The aim of this study was to investigate the effect of the composition of diffusion-controlled release devices (type and amount of plasticizer, type of polymer) on the drug diffusivity and the resulting release kinetics in a quantitative way. Diltiazem hydrochloride and theophylline were investigated in ethyl cellulose (EC) and Eudragit((R)) RS 100, plasticized with various amounts of acetyltributyl citrate (ATBC), acetyltriethyl citrate (ATEC), dibutyl phthalate (DBP), dibutyl sebacate (DBS), diethyl phthalate (DEP), and tributyl citrate (TBC). Thin drug-containing films (monolithic solutions) were used to determine the diffusion coefficients experimentally. The effect of the type and amount of plasticizer on the drug diffusivity was found to be significant, whereas the chain length of the polymer only played a minor rule in the investigated systems. Interestingly, a quantitative relationship between the diffusion coefficient of the drug and the plasticizer level could be established.
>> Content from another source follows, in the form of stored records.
(* Let $R:=\sqrt{D}$, let $x_{0}=R^{-1}\beta$, and let $p_{0}=q_{0}=0$. For every $k\in\mathbb{N}$, consider the routine \[ y_{k}=\operatorname{proj}_{R\mathcal{P}_{3}}(x_{k}+p_{k}),\quad p_{k+1}=x_{k}+p_{k}-y_{k},\quad x_{k+1}=\operatorname{proj}_{R\Delta_{N}}(y_{k}+q_{k}),\quad q_{k+1}=y_{k}+q_{k}-x_{k+1}. \] Then $(x_{k})$ converges to a point $q$ and $p=R^{-1}q$ is the solution to the problem \[ \min_{p\in\mathcal{P}} \tfrac{1}{2}p^{\top}Dp-p^{\top}\beta \] with $\mathcal{P}=\{p\in\Delta_{N}\,:\,\mu_{-}\leq \sum_{i=1}^{N}p_{i}\xi_{i}\leq\mu_{+}\}$.
   Context: $\mathcal{H}$ is a real Hilbert space, $\lambda>0$, $a_{i}\in\mathcal{H}\setminus\{0\}$ and $\xi_{i}\in\mathbb{R}$ for $i=1,\ldots,N$, $\mathbf{x}=(x_1,\ldots,x_N)\in\mathcal{H}^N$. $D:=\mathrm{diag}(\lambda\|a_{1}\|^{2},\ldots,\lambda\|a_{N}\|^{2})$ (a positive definite diagonal matrix) and $\beta:=(\langle a_{i},x_{i}\rangle+\xi_{i})_{i=1}^{N}\in\mathbb{R}^N$. $\Delta_{N}=\{p\in\mathbb{R}^{N}_{+}:\sum_{i=1}^{N}p_{i}=1\}$ is the probability simplex, $\mathcal{P}_{1}=\{p\in\mathbb{R}^{N}:\sum_{i=1}^N p_i=1\}$, $\mathcal{P}_{3}=\{p\in\mathbb{R}^{N}\,:\,\mu_{-}\leq \sum_{i=1}^{N}p_{i}\xi_{i}\leq\mu_{+}\}$ with $\mu_{-},\mu_{+}\in\mathbb{R}$ such that $\mathrm{int}(\mathbb{R}^{N}_{+})\cap\mathrm{int}(\mathcal{P}_{3})\cap\mathcal{P}_{1}\neq\emptyset$. $\operatorname{proj}_{C}$ denotes the Euclidean projection onto a set $C$, and $RC=\{Rp:p\in C\}$. *)

theory Defs
  imports "HOL-Analysis.Analysis"
begin

text \<open>Vectors in R^N are modelled as real^'n with a finite index type 'n (N = CARD('n)).
  The Euclidean projection onto a (closed convex) set C is the library's closest_point C.\<close>

definition prob_simplex :: "(real^'n) set" where
  "prob_simplex = {p. (\<forall>i. 0 \<le> p$i) \<and> (\<Sum>i\<in>UNIV. p$i) = 1}"

definition P1 :: "(real^'n) set" where
  "P1 = {p. (\<Sum>i\<in>UNIV. p$i) = 1}"

definition P3 :: "('n \<Rightarrow> real) \<Rightarrow> real \<Rightarrow> real \<Rightarrow> (real^'n) set" where
  "P3 \<xi> mum mup = {p. mum \<le> (\<Sum>i\<in>UNIV. p$i * \<xi> i) \<and> (\<Sum>i\<in>UNIV. p$i * \<xi> i) \<le> mup}"

definition nonneg_orthant :: "(real^'n) set" where
  "nonneg_orthant = {p. \<forall>i. 0 \<le> p$i}"

definition diag_mult :: "('n \<Rightarrow> real) \<Rightarrow> real^'n \<Rightarrow> real^'n" where
  "diag_mult d p = (\<chi> i. d i * p$i)"

definition quad_obj :: "('n \<Rightarrow> real) \<Rightarrow> real^'n \<Rightarrow> real^'n \<Rightarrow> real" where
  "quad_obj d \<beta> p = (1/2) * (p \<bullet> diag_mult d p) - p \<bullet> \<beta>"

end

theory Submission
  imports Defs
begin

(*
  The scaled iteration is Dykstra's alternating projection algorithm for A = R P3 and
  B = R Delta_N started at R^-1 beta, and completing the square turns the quadratic program
  into projecting R^-1 beta onto R (Delta_N \<inter> P3). So the theorem reduces to the
  Boyle-Dykstra theorem: Dykstra's iterates converge to the projection of x_0 onto A \<inter> B.

  For that, the energy |x_k|^2/2 + <p_k, y_(k-1)> + <q_k, x_k> decreases at each step by half
  the squared residuals, and by the variational inequalities of the two projections it is
  bounded below by |x_0|^2/2 - |z - x_0|^2/2 + |z - x_k|^2/2 for every z in A \<inter> B. Hence
  the residuals are square summable, and along a subsequence (k+1) |y_k - x_(k+1)|^2 tends to 0.
  Since |p_(k+1)|^2 <= (k+1) * (sum of residuals), the cross term <p_(k+1), y_k - x_(k+1)>
  vanishes along it, so a cluster point l of the x_k identifies the limit of the energy as
  |x_0|^2/2 - |l - x_0|^2/2. Comparing with the lower bound gives both x_k --> l and the
  minimality of |l - x_0|.
*)

lemma summable_imp_liminf_Suc_mult_zero:
  fixes e :: "nat \<Rightarrow> real"
  assumes nonneg: "\<And>k. 0 \<le> e k" and summable: "summable e"
  obtains g where "filterlim g sequentially sequentially"
    and "(\<lambda>n. real (Suc (g n)) * e (g n)) \<longlonglongrightarrow> 0"
proof -
  have "\<exists>k\<ge>n. real (Suc k) * e k < 1 / real (Suc n)" for n
  proof (rule ccontr)
    assume "\<not> ?thesis"
    then have large: "1 / real (Suc n) \<le> real (Suc k) * e k" if "n \<le> k" for k
      using that by (meson not_less)
    have "summable (\<lambda>k. inverse (real (Suc k)))"
    proof (rule summable_comparison_test'[where N=n])
      show "summable (\<lambda>k. real (Suc n) * e k)" using summable by (rule summable_mult)
      show "norm (inverse (real (Suc k))) \<le> real (Suc n) * e k" if "n \<le> k" for k
        using large[OF that] by (simp add: field_simps)
    qed
    then show False
      using summable_Suc_iff[of "\<lambda>k. inverse (real k)"] not_summable_harmonic[where 'a=real]
      by simp
  qed
  then obtain g where ge: "\<And>n. n \<le> g n"
    and small: "\<And>n. real (Suc (g n)) * e (g n) < 1 / real (Suc n)"
    by metis
  show thesis
  proof
    show "filterlim g sequentially sequentially"
      by (rule filterlim_at_top_mono[OF filterlim_ident]) (simp add: ge)
    show "(\<lambda>n. real (Suc (g n)) * e (g n)) \<longlonglongrightarrow> 0"
    proof (rule tendsto_sandwich[OF _ _ tendsto_const LIMSEQ_inverse_real_of_nat])
      show "\<forall>\<^sub>F n in sequentially. 0 \<le> real (Suc (g n)) * e (g n)"
        using nonneg by simp
      show "\<forall>\<^sub>F n in sequentially. real (Suc (g n)) * e (g n) \<le> inverse (real (Suc n))"
        using small by (simp add: less_imp_le inverse_eq_divide)
    qed
  qed
qed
Based on these results, the release kinetics of diffusion-controlled drug delivery systems could be predicted. In this study, the release patterns from microparticles were calculated and the significant effect of the composition of the device on the resulting release rate was simulated. The latter could be effectively modified by varying the type and amount of plasticizer. Independent experiments verified the theoretical predictions. The practical benefit of the presented method is to calculate the required composition of diffusion-controlled drug delivery systems (monolithic solutions) to achieve desired release profiles.